- _Dataset content_
definition decomposition :: "'a set \<Rightarrow> ('a set \<Rightarrow> int) \<Rightarrow> 'a set set \<Rightarrow> bool" where
  "decomposition X g P \<longleftrightarrow> partition_on X P \<and>
     (\<forall>A. A \<subseteq> X \<longrightarrow> g A = (\<Sum>p\<in>P. g (A \<inter> p))) \<and> (\<forall>p\<in>P. indecomposable p g)"

lemma decomposition_sum:
  "decomposition X g P \<Longrightarrow> A \<subseteq> X \<Longrightarrow> g A = (\<Sum>p\<in>P. g (A \<inter> p))"
  unfolding decomposition_def by blast

lemma partition_block_separator:
  assumes "finite X" "g {} = 0" "partition_on X P"
    and sum: "\<And>A. A \<subseteq> X \<Longrightarrow> g A = (\<Sum>q\<in>P. g (A \<inter> q))" and "p \<in> P"
  shows "separator X g p"
  unfolding separator_def
proof (intro conjI allI impI)
  have finP: "finite P"
    using finite_elements assms(1,3) .
  show "p \<subseteq> X"
    using assms(3,5) by (auto simp: partition_on_def)
  fix A assume "A \<subseteq> X"
  have sum_remove: "g B = g (B \<inter> p) + (\<Sum>q\<in>P - {p}. g (B \<inter> q))" if "B \<subseteq> X" for B
    using sum[OF that] sum.remove[OF finP \<open>p \<in> P\<close>] by simp
  have "(A - p) \<inter> q = A \<inter> q" if "q \<in> P - {p}" for q
    using assms(3,5) that unfolding partition_on_def disjoint_def by blast
  then have "(\<Sum>q\<in>P - {p}. g ((A - p) \<inter> q)) = (\<Sum>q\<in>P - {p}. g (A \<inter> q))"
    by (intro sum.cong) auto
  moreover have "g (A - p) = g ((A - p) \<inter> p) + (\<Sum>q\<in>P - {p}. g ((A - p) \<inter> q))"
    using \<open>A \<subseteq> X\<close> by (intro sum_remove) blast
  moreover have "(A - p) \<inter> p = {}"
    by blast
  ultimately have "g (A - p) = (\<Sum>q\<in>P - {p}. g (A \<inter> q))"
    using \<open>g {} = 0\<close> by simp
  then show "g A = g (A \<inter> p) + g (A - p)"
    using sum_remove[OF \<open>A \<subseteq> X\<close>] by simp
qed

lemma refines_if_indecomposable_separators:
  assumes "g {} = 0" "partition_on X Q" "\<forall>q\<in>Q. indecomposable q g"
    and "partition_on X P" "\<forall>p\<in>P. separator X g p"
  shows "refines X Q P"
  unfolding refines_def
proof (intro conjI ballI)
  fix q assume "q \<in> Q"
  then have "q \<noteq> {}" "q \<subseteq> X"
    using assms(2) by (auto simp: partition_on_def)
  then obtain x where "x \<in> q"
    by blast
  then obtain p where "p \<in> P" "x \<in> p"
    using partition_onD1[OF assms(4)] \<open>q \<subseteq> X\<close> by blast
  moreover have "indecomposable q g" "separator X g p" "q \<inter> p \<noteq> {}"
    using assms(3,5) \<open>q \<in> Q\<close> \<open>p \<in> P\<close> \<open>x \<in> q\<close> \<open>x \<in> p\<close> by auto
  ultimately show "\<exists>p\<in>P. q \<subseteq> p"
    using indecomposable_subset_separator[of g q X p] assms(1) \<open>q \<subseteq> X\<close> \<open>p \<in> P\<close> by blast
qed (fact assms(2), fact assms(4))

lemma decomposition_unique:
  assumes "finite X" "g {} = 0" "decomposition X g P" "decomposition X g Q"
  shows "P = Q"
proof -
  have refines: "refines X P Q" if P: "decomposition X g P" and Q: "decomposition X g Q" for P Q
  proof (rule refines_if_indecomposable_separators[of g])
    show "partition_on X P" "\<forall>p\<in>P. indecomposable p g" "partition_on X Q"
      using P Q unfolding decomposition_def by blast+
    show "\<forall>q\<in>Q. separator X g q"
      using Q partition_block_separator[of X g Q] assms(1,2) unfolding decomposition_def by blast
  qed (fact assms(2))
  show ?thesis
    using refines[OF assms(3,4)] refines[OF assms(4,3)] by (rule refines_asym)
qed

lemma decomposition_Un:
  assumes "finite X" and sep: "separator X g Y"
    and P: "decomposition Y g P" and Q: "decomposition (X - Y) g Q"
  shows "decomposition X g (P \<union> Q)"
proof -
  have "Y \<subseteq> X"
    using sep unfolding separator_def by blast
  have partP: "partition_on Y P" and partQ: "partition_on (X - Y) Q"
    using P Q unfolding decomposition_def by blast+
  have "finite P" "finite Q"
    using finite_elements[OF _ partP] finite_elements[OF _ partQ] \<open>Y \<subseteq> X\<close> \<open>finite X\<close>
    by (auto dest: finite_subset)
  have "p = {}" if "p \<in> P" "p \<in> Q" for p
    using that partP partQ unfolding partition_on_def by blast
  then have "P \<inter> Q = {}"
    using partition_onD3[OF partP] by blast
  have "g A = (\<Sum>p\<in>P \<union> Q. g (A \<inter> p))" if "A \<subseteq> X" for A
  proof -
    have "g A = g (A \<inter> Y) + g (A - Y)"
      using sep that unfolding separator_def by blast
    also have "g (A \<inter> Y) = (\<Sum>p\<in>P. g (A \<inter> Y \<inter> p))"
      using P unfolding decomposition_def by blast
    also have "\<dots> = (\<Sum>p\<in>P. g (A \<inter> p))"
      using partP by (intro sum.cong) (auto simp: partition_on_def intro!: arg_cong[where f = g])
    also have "g (A - Y) = (\<Sum>q\<in>Q. g ((A - Y) \<inter> q))"
      using Q that Diff_mono[OF that order_refl] unfolding decomposition_def by blast
    also have "\<dots> = (\<Sum>q\<in>Q. g (A \<inter> q))"
      using partQ by (intro sum.cong) (auto simp: partition_on_def intro!: arg_cong[where f = g])
    finally show ?thesis
      using sum.union_disjoint[OF \<open>finite P\<close> \<open>finite Q\<close> \<open>P \<inter> Q = {}\<close>, of "\<lambda>p. g (A \<inter> p)"]
      by simp
  qed
  moreover have "partition_on X (P \<union> Q)"
    using partition_on_Un[OF partP partQ] \<open>Y \<subseteq> X\<close> by (simp add: Un_absorb1)
  ultimately show ?thesis
    using P Q unfolding decomposition_def by blast
qed

lemma decomposition_exists:
  assumes "finite X" "g {} = 0"
  shows "\<exists>P. decomposition X g P"
  using assms(1)
proof (induction X rule: finite_psubset_induct)
  case (psubset X)
  consider "X = {}" | "indecomposable X g" | Y where "separator X g Y" "Y \<noteq> {}" "Y \<noteq> X"
    using indecomposable_iff_separator[of g X] assms(2) by blast
  then show ?case
  proof cases
    case 1
    then show ?thesis
      using assms(2) by (auto simp: decomposition_def partition_on_empty)
  next
    case 2
    then have "decomposition X g {X}"
      using partition_on_space[of X] unfolding decomposition_def indecomposable_def
      by (auto simp: Int_absorb2)
    then show ?thesis ..
  next
    case 3
    then have "Y \<subseteq> X"
      unfolding separator_def by blast
    with 3 have "Y \<subset> X" "X - Y \<subset> X"
      by blast+
    obtain P Q where "decomposition Y g P" "decomposition (X - Y) g Q"
      using psubset.IH[OF \<open>Y \<subset> X\<close>] psubset.IH[OF \<open>X - Y \<subset> X\<close>] by blast
    then show ?thesis
      using decomposition_Un[OF psubset.hyps \<open>separator X g Y\<close>] by blast
  qed
qed

lemma equiv_eq_same_class:
  assumes "equiv X R"
  shows "R = {(x, y). \<exists>p\<in>X // R. x \<in> p \<and> y \<in> p}"
proof (intro set_eqI iffI)
  fix xy assume "xy \<in> R"
  then obtain x y where xy: "xy = (x, y)" "(x, y) \<in> R" "x \<in> X"
    using equiv_type[OF assms] by fastforce
  then have "R `` {x} \<in> X // R" "x \<in> R `` {x}" "y \<in> R `` {x}"
    using quotientI equiv_class_self[OF assms] by fastforce+
  then show "xy \<in> {(x, y). \<exists>p\<in>X // R. x \<in> p \<and> y \<in> p}"
    using xy by blast
next
  fix xy assume "xy \<in> {(x, y). \<exists>p\<in>X // R. x \<in> p \<and> y \<in> p}"
  then obtain x y p where "xy = (x, y)" "p \<in> X // R" "x \<in> p" "y \<in> p"
    by blast
  then show "xy \<in> R"
    using quotient_eq_iff[OF assms, of p p x y] by simp
qed

lemma quotient_icomp_rel:
  assumes "finite X" "g {} = 0" "decomposition X g P"
  shows "X // icomp_rel X g = P"
proof -
  let ?R = "{(x, y). \<exists>p\<in>P. x \<in> p \<and> y \<in> p}"
  have part: "partition_on X P"
    using assms(3) unfolding decomposition_def by blast
  have "icomp_rel X g = ?R"
    unfolding icomp_rel_def
  proof (rule the_equality)
    show "equiv X ?R \<and> (\<forall>A. A \<subseteq> X \<longrightarrow> g A = (\<Sum>Y\<in>X // ?R. g (A \<inter> Y))) \<and>
        (\<forall>Y\<in>X // ?R. indecomposable Y g)"
      unfolding partition_on_eq_quotient[OF part]
      using equiv_partition_on[OF part] assms(3) unfolding decomposition_def by blast
  next
    fix R assume R: "equiv X R \<and> (\<forall>A. A \<subseteq> X \<longrightarrow> g A = (\<Sum>Y\<in>X // R. g (A \<inter> Y))) \<and>
        (\<forall>Y\<in>X // R. indecomposable Y g)"
    then have "decomposition X g (X // R)"
      unfolding decomposition_def using partition_on_quotient by blast
    then have "X // R = P"
      using decomposition_unique assms by blast
    then show "R = ?R"
      using equiv_eq_same_class[of X R] R by simp
  qed
  then show ?thesis
    using partition_on_eq_quotient[OF part] by simp
qed

lemma decomposition_icomp_rel:
  assumes "finite X" "g {} = 0"
  shows "decomposition X g (X // icomp_rel X g)"
  using decomposition_exists[of X g, OF assms] quotient_icomp_rel[of X g, OF assms] by metis

lemma ic_eq_card:
  assumes "finite X" "g {} = 0" "decomposition X g P"
  shows "ic X g = card P"
  unfolding ic_def using quotient_icomp_rel[of X g, OF assms] by simp

lemma split_fun_block:
  assumes "finite X" "f {} = 0" "equiv X R" "p \<in> X // R" "B \<subseteq> p"
  shows "split_fun X f R B = f B"
proof -
  have "finite (X // R)"
    using finite_quotient[OF assms(1) equiv_type[OF assms(3)]] .
  moreover have "B \<inter> q = {}" if "q \<in> X // R - {p}" for q
    using quotient_disj[OF assms(3) assms(4), of q] that assms(5) by blast
  ultimately have "split_fun X f R B = f (B \<inter> p)"
    unfolding split_fun_def using assms(2,4) by (simp add: sum.remove)
  then show ?thesis
    using assms(5) by (simp add: Int_absorb2)
qed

- _Your instructions_
Exactly as written, reproduce the lines of the data above from the first line through the line where "p) = (\<Sum>q\<in>P" appears.

- _Completed task_
definition decomposition :: "'a set \<Rightarrow> ('a set \<Rightarrow> int) \<Rightarrow> 'a set set \<Rightarrow> bool" where
  "decomposition X g P \<longleftrightarrow> partition_on X P \<and>
     (\<forall>A. A \<subseteq> X \<longrightarrow> g A = (\<Sum>p\<in>P. g (A \<inter> p))) \<and> (\<forall>p\<in>P. indecomposable p g)"

lemma decomposition_sum:
  "decomposition X g P \<Longrightarrow> A \<subseteq> X \<Longrightarrow> g A = (\<Sum>p\<in>P. g (A \<inter> p))"
  unfolding decomposition_def by blast

lemma partition_block_separator:
  assumes "finite X" "g {} = 0" "partition_on X P"
    and sum: "\<And>A. A \<subseteq> X \<Longrightarrow> g A = (\<Sum>q\<in>P. g (A \<inter> q))" and "p \<in> P"
  shows "separator X g p"
  unfolding separator_def
proof (intro conjI allI impI)
  have finP: "finite P"
    using finite_elements assms(1,3) .
  show "p \<subseteq> X"
    using assms(3,5) by (auto simp: partition_on_def)
  fix A assume "A \<subseteq> X"
  have sum_remove: "g B = g (B \<inter> p) + (\<Sum>q\<in>P - {p}. g (B \<inter> q))" if "B \<subseteq> X" for B
    using sum[OF that] sum.remove[OF finP \<open>p \<in> P\<close>] by simp
  have "(A - p) \<inter> q = A \<inter> q" if "q \<in> P - {p}" for q
    using assms(3,5) that unfolding partition_on_def disjoint_def by blast
  then have "(\<Sum>q\<in>P - {p}. g ((A - p) \<inter> q)) = (\<Sum>q\<in>P - {p}. g (A \<inter> q))"
    by (intro sum.cong) auto
  moreover have "g (A - p) = g ((A - p) \<inter> p) + (\<Sum>q\<in>P - {p}. g ((A - p) \<inter> q))"
    using \<open>A \<subseteq> X\<close> by (intro sum_remove) blast
  moreover have "(A - p) \<inter> p = {}"
    by blast
  ultimately have "g (A - p) = (\<Sum>q\<in>P - {p}. g (A \<inter> q))"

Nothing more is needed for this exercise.